Aug. 2 (Bloomberg) -- Portugal Telecom SGPS SA, Portugal’s biggest telecommunications company, said second-quarter profit fell 17 percent amid a “challenging” domestic economy and currency effects holding back earnings in Brazil.
Net income dropped to 68.8 million euros ($84 million) from 82.3 million euros a year earlier, the Lisbon-based company said today in a statement. Sales fell 9.4 percent to 1.63 billion euros. Profit beat the 63 million-euro average of 12 analyst estimates compiled by Bloomberg, while revenue fell short of the 1.65 billion-euro prediction.
The former state monopoly is betting on its Brazilian unit to counter falling sales in Portugal, which is mired in a recession for a second consecutive year after a bailout in 2011. Portugal Telecom bought a stake in Brazilian operator Telemar Norte Leste SA, also known as Oi, in March 2011. Revenue at Oi fell 9.4 percent, and earnings before interest, taxes, depreciation and amortization dropped 22 percent.
“The slow progress being made on corporate restructuring in Brazil delays any eventual turnaround in that business and raises further questions on the ability of PT to pay its dividend,” Robin Bienenstock, a London-based analyst at Sanford C. Bernstein Ltd., said today in a note to clients.

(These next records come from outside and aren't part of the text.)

text \<open>The columns of \<open>G\<close> represent the points of \<open>PG(k-1, q)\<close> outside the subspaces
  \<open>Us i\<close>, and the codeword \<open>x v* G\<close> vanishes exactly at the columns lying in the hyperplane
  orthogonal to \<open>x\<close>. Off this hyperplane lie \<open>q^k - q^(k-1)\<close> vectors, of which at most
  \<open>q^u - q^(u-1)\<close> belong to each \<open>Us i\<close>; dividing by \<open>q - 1\<close>, every nonzero codeword has
  weight at least \<open>D = q^(k-1) - h q^(u-1)\<close>. So \<open>G\<close> generates an \<open>[n, k, \<ge> D]\<close> code with
  \<open>(q - 1) n = q^k - 1 - h (q^u - 1)\<close>.

  An \<open>[n, k, d + 1]\<close> code with \<open>d \<ge> D\<close> would violate the Griesmer bound
  \<open>n \<ge> (\<Sum>i<k. \<lceil>(d + 1) / q^i\<rceil>)\<close>, proved by the usual induction on residual codes.
  Writing \<open>D + 1 = q^(k-1) - a\<close> with \<open>a = h q^(u-1) - 1\<close>, the Griesmer sum for \<open>D + 1\<close> is
  \<open>(q^k - 1) / (q - 1) - (\<Sum>i<k. \<lfloor>a / q^i\<rfloor>)\<close>, and the base-\<open>q\<close> digits of \<open>a\<close> give
  \<open>(\<Sum>i<k. \<lfloor>a / q^i\<rfloor>) < h (q^u - 1) / (q - 1)\<close> as soon as \<open>h \<le> u q\<close>.\<close>

section \<open>Counting vectors in finite vector spaces\<close>

lemma two_le_card_field: "2 \<le> CARD('a::{finite,field})"
  using card_mono[of UNIV "{0::'a, 1}"] by simp

lemma card_subspace:
  fixes V :: "('a::{finite,field} ^ 'n) set"
  assumes "vec.subspace V"
  shows "card V = CARD('a) ^ vec.dim V"
proof -
  obtain B where B: "B \<subseteq> V" "vec.independent B" "V \<subseteq> vec.span B" "card B = vec.dim V"
    using vec.basis_exists by blast
  define comb where "comb g = (\<Sum>v\<in>B. g v *s v)" for g :: "'a ^ 'n \<Rightarrow> 'a"
  have "V = vec.span B"
    using B assms vec.span_minimal by blast
  also have "\<dots> = comb ` (B \<rightarrow>\<^sub>E UNIV)"
  proof -
    have "comb g = comb (restrict g B)" for g
      unfolding comb_def by (rule sum.cong) auto
    then show ?thesis
      unfolding vec.span_finite[OF finite] comb_def[symmetric] by force
  qed
  finally have V: "V = comb ` (B \<rightarrow>\<^sub>E UNIV)" .
  have "inj_on comb (B \<rightarrow>\<^sub>E UNIV)"
  proof (rule inj_onI)
    fix g g' assume g: "g \<in> B \<rightarrow>\<^sub>E UNIV" and g': "g' \<in> B \<rightarrow>\<^sub>E UNIV" and "comb g = comb g'"
    then have "(\<Sum>v\<in>B. (g v - g' v) *s v) = 0"
      unfolding comb_def by (simp add: vector_sub_rdistrib sum_subtractf)
    then have "g v - g' v = 0" if "v \<in> B" for v
      by (rule vec.independentD[OF B(2) finite order.refl _ that])
    then show "g = g'"
      using g g' by (auto intro: PiE_ext)
  qed
  then have "card V = card (B \<rightarrow>\<^sub>E (UNIV :: 'a set))"
    unfolding V by (rule card_image)
  then show ?thesis
    using B(4) by (simp add: card_PiE)
qed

Portugal Telecom fell as much as 2.61 percent to 3.28 euros, the lowest intraday price since July 27, and was trading down 1.8 percent at 12 p.m. in Lisbon, valuing the company at 2.97 billion euros. The stock’s price is also tied to investors’ expectations for Portugal’s economy and government performance amid the debt crisis, Bienenstock said.